Степанида вернулась от всенощной очень поздно, я давно уже спал.
На другой день отец взял меня с собою в Кремль к обедне. Помню, как мы шли через Чугунный мост. Погода была прекрасная. Весь замоскворецкий берег напротив Кремля был покрыт народом. Купола соборов звонко сверкали на солнце. В Кремле звонили, и мне вспомнилось заблуждение моего более раннего детства, когда я думал, что звонят именно купола. Когда мы проходили в Кремль Спасскими воротами, звон прекратился. Отец велел мне снять картузик и сам снял фуражку. Я заметил, что и все мужчины, проходившие и проезжавшие Спасскими воротами, снимали головные уборы.
В Кремле было очень много народа. В окружающей нас толпе говорили, что после обедни будет большой крестный ход на Красную площадь. Мы стали ждать крестного хода. Было очень жарко. Дамы раскрывали зонтики от солнца, что вызывало ропот тех, кто не имел зонтиков и кому они мешали смотреть.
Отец временами поднимал меня, сажал к себе на плечи и спрашивал: «Что ты видишь?» Мне в этом положении было видно далеко.
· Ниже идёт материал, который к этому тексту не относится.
lemma extend_indep_to_rank:
  assumes M: "matroid M" and "indep M I" and "I \<subseteq> Z"
  obtains J where "I \<subseteq> J" "J \<subseteq> Z" "indep M J" "card J = rank M Z"
  using assms(2,3)
proof (induction "rank M Z - card I" arbitrary: I rule: less_induct)
  case less
  show ?case
  proof (cases "card I < rank M Z")
    case True
    obtain K where K: "K \<subseteq> Z" "indep M K" "card K = rank M Z"
      using obtain_rank_witness[OF M] .
    then obtain e where e: "e \<in> K - I" "indep M (insert e I)"
      using indep_augment[OF M less.prems(2) K(2)] True by auto
    have "rank M Z - card (insert e I) < rank M Z - card I"
      using True e(1) finite_indep[OF M less.prems(2)] by simp
    then show ?thesis
      by (rule less.hyps) (use less.prems e K(1) in blast)+
  next
    case False
    then have "card I = rank M Z" using card_le_rank[OF M less.prems(3,2)] by simp
    then show ?thesis using less.prems by blast
  qed
qed

lemma rank_submod: "matroid M \<Longrightarrow> rank M (X \<union> Y) + rank M (X \<inter> Y) \<le> rank M X + rank M Y"
proof -
  assume M: "matroid M"
  obtain I where I: "I \<subseteq> X \<inter> Y" "indep M I" "card I = rank M (X \<inter> Y)"
    using obtain_rank_witness[OF M] .
  obtain J where J: "I \<subseteq> J" "J \<subseteq> X \<union> Y" "indep M J" "card J = rank M (X \<union> Y)"
    using extend_indep_to_rank[OF M I(2), of "X \<union> Y"] I(1) by blast
  have fin: "finite J" using finite_indep[OF M J(3)] .
  have "card J + card I \<le> card (J \<inter> X) + card (J \<inter> Y)"
  proof -
    have "card (J \<inter> X) + card (J \<inter> Y) = card ((J \<inter> X) \<union> (J \<inter> Y)) + card ((J \<inter> X) \<inter> (J \<inter> Y))"
      by (rule card_Un_Int) (use fin in auto)
    moreover have "card ((J \<inter> X) \<union> (J \<inter> Y)) = card J"
      using J(2) by (intro arg_cong[where f = card]) blast
    moreover have "card I \<le> card ((J \<inter> X) \<inter> (J \<inter> Y))" using I J fin by (intro card_mono) auto
    ultimately show ?thesis by linarith
  qed
  also have "\<dots> \<le> rank M X + rank M Y"
    using card_le_rank[OF M _ indep_subset[OF M J(3)], of "J \<inter> X" X]
      card_le_rank[OF M _ indep_subset[OF M J(3)], of "J \<inter> Y" Y] by simp
  finally show ?thesis unfolding I(3) J(4) .
qed

lemma rank_Un_le: "matroid M \<Longrightarrow> rank M (X \<union> Y) \<le> rank M X + rank M Y"
  using rank_submod[of M X Y] by linarith

subsection \<open>Minors\<close>

lemma ground_minor: "ground (minor M C D) = ground M - C - D"
  by (simp add: minor_def deletion_def contraction_def ground_def)

lemma indep_minor:
  "indep (minor M C D) X \<longleftrightarrow> X \<subseteq> ground M - C - D \<and> rank M (X \<union> C) = card X + rank M C"
  by (auto simp add: minor_def deletion_def contraction_def indep_def ground_def)

lemma rank_minor:
  assumes M: "matroid M" and X: "X \<subseteq> ground M - C - D"
  shows "rank (minor M C D) X = rank M (X \<union> C) - rank M C"
proof -
  have fin_X: "finite X" using X finite_ground[OF M] finite_subset by blast
  obtain I where I: "I \<subseteq> C" "indep M I" "card I = rank M C"
    using obtain_rank_witness[OF M] .
  obtain J where J: "I \<subseteq> J" "J \<subseteq> X \<union> C" "indep M J" "card J = rank M (X \<union> C)"
    using extend_indep_to_rank[OF M I(2), of "X \<union> C"] I(1) by blast
  define Y where "Y = J - C"
  have Y_sub: "Y \<subseteq> X" using J(2) Y_def by blast
  have fin: "finite J" "finite Y"
    using finite_indep[OF M J(3)] finite_subset[OF Y_sub fin_X] .
  have "card (J \<inter> C) = rank M C"
  proof (rule antisym)
    show "card (J \<inter> C) \<le> rank M C"
      by (rule card_le_rank[OF M _ indep_subset[OF M J(3)]]) auto
    show "rank M C \<le> card (J \<inter> C)"
      unfolding I(3)[symmetric] by (rule card_mono) (use fin I(1) J(1) in auto)
  qed
  moreover have "card J = card Y + card (J \<inter> C)"
  proof -
    have "Y \<union> (J \<inter> C) = J" unfolding Y_def by blast
    then have "card J = card (Y \<union> (J \<inter> C))" by simp
    also have "\<dots> = card Y + card (J \<inter> C)"
      by (rule card_Un_disjoint) (use fin in \<open>auto simp: Y_def\<close>)
    finally show ?thesis .
  qed
  moreover have "card J \<le> rank M (Y \<union> C)"
    by (rule card_le_rank[OF M _ J(3)]) (auto simp: Y_def)
  moreover have "rank M (Y \<union> C) \<le> card Y + rank M C"
    using rank_Un_le[OF M, of Y C] rank_le_card[OF M fin(2)] by linarith
  ultimately have Y_rank: "rank M (Y \<union> C) = card Y + rank M C"
    and card_Y: "card Y = rank M (X \<union> C) - rank M C"
    using J(4) by linarith+
  have Y_indep: "indep (minor M C D) Y"
    unfolding indep_minor using Y_sub X Y_rank by blast
  have le_Y: "card Z \<le> card Y" if "Z \<subseteq> X" "indep (minor M C D) Z" for Z
  proof -
    have "rank M (Z \<union> C) = card Z + rank M C" using that(2) by (simp add: indep_minor)
    moreover have "rank M (Z \<union> C) \<le> rank M (X \<union> C)" using that(1) by (intro rank_mono[OF M]) blast
    ultimately show ?thesis using card_Y by linarith
  qed
  have "finite {Z. Z \<subseteq> X \<and> indep (minor M C D) Z}"
    by (rule finite_subset[of _ "Pow X"]) (use fin_X in auto)
  then have "rank (minor M C D) X = card Y"
    unfolding rank_def[of "minor M C D"] using Y_indep Y_sub le_Y by (intro Max_eqI) auto
  with card_Y show ?thesis by simp
qed
lemma block_lang_imp_block_profiles_le:
  assumes "z \<in> block_lang T F S U V"
  obtains b where "strict_mono b" "b 0 = 0"
    "\<And>i. profile T F S (block b z i) \<le> (if i = 0 then U else V)"
proof -
  obtain r where r0: "r 0 = (0, Id_on S, {})"
    and r: "\<And>n. (r n, z n, r (Suc n)) \<in> block_trans T F S U V"
    and rF: "infinite {n. r n \<in> {(2, Id_on S, {})}}"
    using assms by (auto simp: block_lang_def gen_lang_def)
  define M where "M = {n. fst (r n) = 2}"
  have M: "infinite M" "0 \<notin> M"
    using rF r0 by (auto simp: M_def elim!: infinite_super[rotated])
  note b = enum_blocks[OF M]
  have boundary_Id: "snd (r n) = (Id_on S, {})" if n: "n \<in> M" for n
  proof -
    obtain k where "n = Suc k"
      using M(2) n by (cases n) auto
    then show ?thesis
      using r[of k] n unfolding block_trans_def M_def by (cases "r k", cases "r n") auto
  qed
  have start: "snd (r (enum_blocks M i)) = (Id_on S, {})
      \<and> (fst (r (enum_blocks M i)) = 0 \<longleftrightarrow> i = 0)" for i
    using r0 b(2,3) boundary_Id by (cases i) (auto simp: M_def)
  show ?thesis
  proof (rule that[OF b(1,2)])
    fix i
    let ?m = "enum_blocks M i" and ?m' = "enum_blocks M (Suc i)"
    have "profile T F S (map z [?m..<?m']) \<le> (if fst (r ?m) = 0 then U else V)"
      by (rule profile_le_if_block_trans_segment[of r z T F S U V])
        (use r start[of i] b(3,4) strict_monoD[OF b(1)] in \<open>auto simp: M_def\<close>)
    then show "profile T F S (block (enum_blocks M) z i) \<le> (if i = 0 then U else V)"
      using start[of i] by (simp add: block_def)
  qed
qed

lemma ramsey_blocks:
  fixes c :: "nat \<Rightarrow> nat \<Rightarrow> 'c"
  assumes "finite C" "\<And>i j. c i j \<in> C"
  obtains b where "strict_mono b" "b 0 = 0" "\<And>i. 0 < i \<Longrightarrow> c (b i) (b (Suc i)) = c (b 1) (b 2)"
proof -
  obtain h where h: "bij_betw h C {0..<card C}"
    using ex_bij_betw_finite_nat[OF assms(1)] by blast
  then have h_less: "h x < card C" if "x \<in> C" for x
    using that by (auto simp: bij_betw_def)
  define f where "f X = h (c (Min X) (Max X))" for X
  have "f X < card C" for X
    unfolding f_def by (rule h_less[OF assms(2)])
  then have part: "\<forall>x \<in> {0<..}. \<forall>y \<in> {0<..}. x \<noteq> y \<longrightarrow> f {x, y} < card C"
    by blast
  obtain Y t where Y: "Y \<subseteq> {0<..}" "infinite Y"
    and hom: "\<forall>x \<in> Y. \<forall>y \<in> Y. x \<noteq> y \<longrightarrow> f {x, y} = t"
    using Ramsey2[OF infinite_Ioi part] by blast
  then have "0 \<notin> Y"
    by auto
  note b = enum_blocks[OF \<open>infinite Y\<close> this]
  let ?b = "enum_blocks Y"
  have f_block: "f {?b i, ?b (Suc i)} = h (c (?b i) (?b (Suc i)))" for i
    using strict_monoD[OF b(1), of i "Suc i"] by (simp add: f_def)
  have hom_block: "f {?b i, ?b (Suc i)} = t" if "0 < i" for i
  proof -
    have "?b i \<in> Y" "?b (Suc i) \<in> Y"
      using b(3)[of "i - 1"] b(3)[of i] that by simp_all
    moreover have "?b i \<noteq> ?b (Suc i)"
      using strict_monoD[OF b(1), of i "Suc i"] by simp
    ultimately show ?thesis
      using hom by blast
  qed
  have "c (?b i) (?b (Suc i)) = c (?b 1) (?b 2)" if "0 < i" for i
  proof -
    have "h (c (?b i) (?b (Suc i))) = h (c (?b 1) (?b (Suc 1)))"
      using hom_block[OF that] hom_block[of 1] f_block[of i] f_block[of 1] by simp
    then show ?thesis
      using h assms(2) inj_onD by (metis bij_betw_def Suc_1)
  qed
  then show ?thesis
    using that b(1,2) by blast
qed
locale pivot_cols =
  fixes \<Gamma> :: "'a::field mat" and k n :: nat and piv :: "nat \<Rightarrow> nat" and Binv :: "'a mat"
  assumes carrier: "\<Gamma> \<in> carrier_mat k n"
    and piv_less: "\<And>a. a < k \<Longrightarrow> piv a < n"
    and piv_inj: "inj_on piv {..<k}"
    and inv_carrier: "Binv \<in> carrier_mat k k"
    and inv_left: "Binv * pivot_block \<Gamma> k piv = 1\<^sub>m k"
    and inv_right: "pivot_block \<Gamma> k piv * Binv = 1\<^sub>m k"

lemma full_rank_imp_pivot_cols:
  fixes \<Gamma> :: "'a::field mat"
  assumes \<Gamma>: "\<Gamma> \<in> carrier_mat k n" and rk: "vec_space.rank k \<Gamma> = k"
  obtains piv Binv where "pivot_cols \<Gamma> k n piv Binv"
proof -
  interpret vec_space "TYPE('a)" k .
  obtain bs where bs: "set bs \<subseteq> set (cols \<Gamma>)" "distinct bs" "length bs = k" "lin_indpt (set bs)"
    using rank_basis_of_cols[OF \<Gamma>] rk by metis
  have carrier: "set bs \<subseteq> carrier_vec k"
    using bs(1) \<Gamma> cols_dim by blast
  have "\<exists>m<n. bs ! a = col \<Gamma> m" if "a < k" for a
    using that bs \<Gamma> by (force simp: in_set_conv_nth)
  then obtain piv where piv: "\<And>a. a < k \<Longrightarrow> piv a < n \<and> bs ! a = col \<Gamma> (piv a)"
    by metis
  have "inj_on piv {..<k}"
    using piv bs(2,3) by (intro inj_onI) (metis lessThan_iff nth_eq_iff_index_eq)
  define B where "B = mat_of_cols k bs"
  have Bk: "B \<in> carrier_mat k k"
    unfolding B_def using mat_of_cols_carrier[of k bs] bs(3) by simp
  have B_eq: "B = pivot_block \<Gamma> k piv"
    unfolding B_def pivot_block_def using piv \<Gamma> bs(3) by (intro eq_matI) (auto simp: mat_of_cols_index)
  have "det B \<noteq> 0"
    using det_0_iff_vec_prod_zero_field[OF Bk] mat_of_cols_mult_vec_eq_0_imp[OF carrier bs(2,4)] bs(3)
    unfolding B_def by auto
  then obtain Binv where "Binv \<in> carrier_mat k k" "Binv * B = 1\<^sub>m k" "B * Binv = 1\<^sub>m k"
    using det_non_zero_imp_unit[OF Bk, of "()"] unfolding Units_def ring_mat_def by auto
  then show ?thesis
    using that piv \<open>inj_on piv {..<k}\<close> \<Gamma> B_eq by (auto simp: pivot_cols_def)
qed

lemma rank_deficient_imp_left_kernel:
  fixes \<Gamma> :: "'a::field mat"
  assumes \<Gamma>: "\<Gamma> \<in> carrier_mat k n" and rk: "vec_space.rank k \<Gamma> \<noteq> k"
  obtains x where "x \<in> carrier_vec k" "x \<noteq> 0\<^sub>v k" "transpose_mat \<Gamma> *\<^sub>v x = 0\<^sub>v n"
proof -
  interpret vec_space "TYPE('a)" k .
  obtain bs where bs: "set bs \<subseteq> set (cols \<Gamma>)" "distinct bs" "length bs = rank \<Gamma>"
    and span: "\<And>m. m < n \<Longrightarrow> col \<Gamma> m \<in> span (set bs)"
    using rank_basis_of_cols[OF \<Gamma>] by metis
  have carrier: "set bs \<subseteq> carrier_vec k"
    using bs(1) \<Gamma> cols_dim by blast
  define B where "B = mat_of_cols k bs"
  have Bc: "B \<in> carrier_mat k (rank \<Gamma>)"
    unfolding B_def using mat_of_cols_carrier[of k bs] bs(3) by simp
  obtain x where x: "x \<in> carrier_vec k" "x \<noteq> 0\<^sub>v k" "transpose_mat B *\<^sub>v x = 0\<^sub>v (rank \<Gamma>)"
    using wide_mat_kernel[of "transpose_mat B" "rank \<Gamma>" k] Bc rk rank_le_nr[OF \<Gamma>] by auto
  have "(transpose_mat \<Gamma> *\<^sub>v x) $ m = 0" if m: "m < n" for m
  proof -
    obtain w where w: "w \<in> carrier_vec (rank \<Gamma>)" "col \<Gamma> m = B *\<^sub>v w"
      using span_imp_mat_of_cols_mult[OF carrier bs(2) span[OF m]] bs(3) unfolding B_def by metis
    have "(transpose_mat \<Gamma> *\<^sub>v x) $ m = x \<bullet> (B *\<^sub>v w)"
      using m \<Gamma> w Bc x by (simp add: comm_scalar_prod[of _ k])
    also have "\<dots> = (transpose_mat B *\<^sub>v x) \<bullet> w"
      using transpose_vec_mult_scalar[OF Bc w(1) x(1)] by simp
    finally show ?thesis
      using x(3) w(1) by simp
  qed
  then have "transpose_mat \<Gamma> *\<^sub>v x = 0\<^sub>v n"
    using \<Gamma> by (intro eq_vecI) auto
  then show ?thesis
    using that x by blast
qed

context pivot_cols
begin

lemma pivot_block_carrier: "pivot_block \<Gamma> k piv \<in> carrier_mat k k"
  by (simp add: pivot_block_def)

lemma col_pivot_block: "a < k \<Longrightarrow> col (pivot_block \<Gamma> k piv) a = col \<Gamma> (piv a)"
  using carrier piv_less by (intro eq_vecI) (auto simp: pivot_block_def)

lemma transpose_mult_vec_eq_0_iff:
  assumes x: "x \<in> carrier_vec k"
  shows "transpose_mat \<Gamma> *\<^sub>v x = 0\<^sub>v n \<longleftrightarrow> x = 0\<^sub>v k"
proof
  assume kernel: "transpose_mat \<Gamma> *\<^sub>v x = 0\<^sub>v n"
  let ?B = "pivot_block \<Gamma> k piv"
  have B: "?B \<in> carrier_mat k k"
    by (rule pivot_block_carrier)
  have "transpose_mat ?B *\<^sub>v x = 0\<^sub>v k"
  proof (rule eq_vecI)
    fix a assume "a < dim_vec (0\<^sub>v k)"
    then have a: "a < k" by simp
    have "(transpose_mat ?B *\<^sub>v x) $ a = col \<Gamma> (piv a) \<bullet> x"
      using a B by (simp add: col_pivot_block)
    also have "\<dots> = (transpose_mat \<Gamma> *\<^sub>v x) $ piv a"
      using piv_less[OF a] carrier by simp
    finally show "(transpose_mat ?B *\<^sub>v x) $ a = 0\<^sub>v k $ a"
      using kernel a piv_less[OF a] by simp
  qed (use B in simp)
  then have "(transpose_mat Binv * transpose_mat ?B) *\<^sub>v x = 0\<^sub>v k"
    using B inv_carrier x by auto
  moreover have "transpose_mat Binv * transpose_mat ?B = 1\<^sub>m k"
    using transpose_mult[OF B inv_carrier] inv_right by simp
  ultimately show "x = 0\<^sub>v k"
    using x by simp
qed (use carrier in \<open>auto intro!: eq_vecI\<close>)

definition free_cols :: "nat list" where
  "free_cols = filter (\<lambda>m. m \<notin> piv ` {..<k}) [0..<n]"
И, насколько я мог охватить взором, – все пространство было заполнено множеством народа. Мне было отчетливо видно, что среди этого моря народа пролегает довольно широкая, свободная полоса, по сторонам которой стояли в две шеренги солдаты с распущенными знаменами и сверкавшими на солнце полковыми оркестрами. Это был путь для крестного хода. Путь шел из-за колокольни Ивана Великого по направлению к Спасским воротам.
Мне хорошо было видно, что на звоннице также много народу, среди которого был свободный проход к большому колоколу. Вот в этом проходе появилось четыре или шесть человек (сейчас точно не помню). Они встали снаружи колокола и начали раскачивать в свою сторону язык колокола. По-видимому, и с противоположной стороны (мне ее не было видно) тоже стояли звонари. Огромный язык колокола плавно увеличивал свой размах. Вдруг звонари как-то особенно напряглись, и раздался густой басистый звон. Все начали креститься. На площади, где мы стояли, говорить обычным голосом стало невозможно – все покрывал этот могучий звон. Вскоре к нему добавился трезвон на звоннице, на колокольне Ивана Великого и трезвон всей Москвы. Все гудело.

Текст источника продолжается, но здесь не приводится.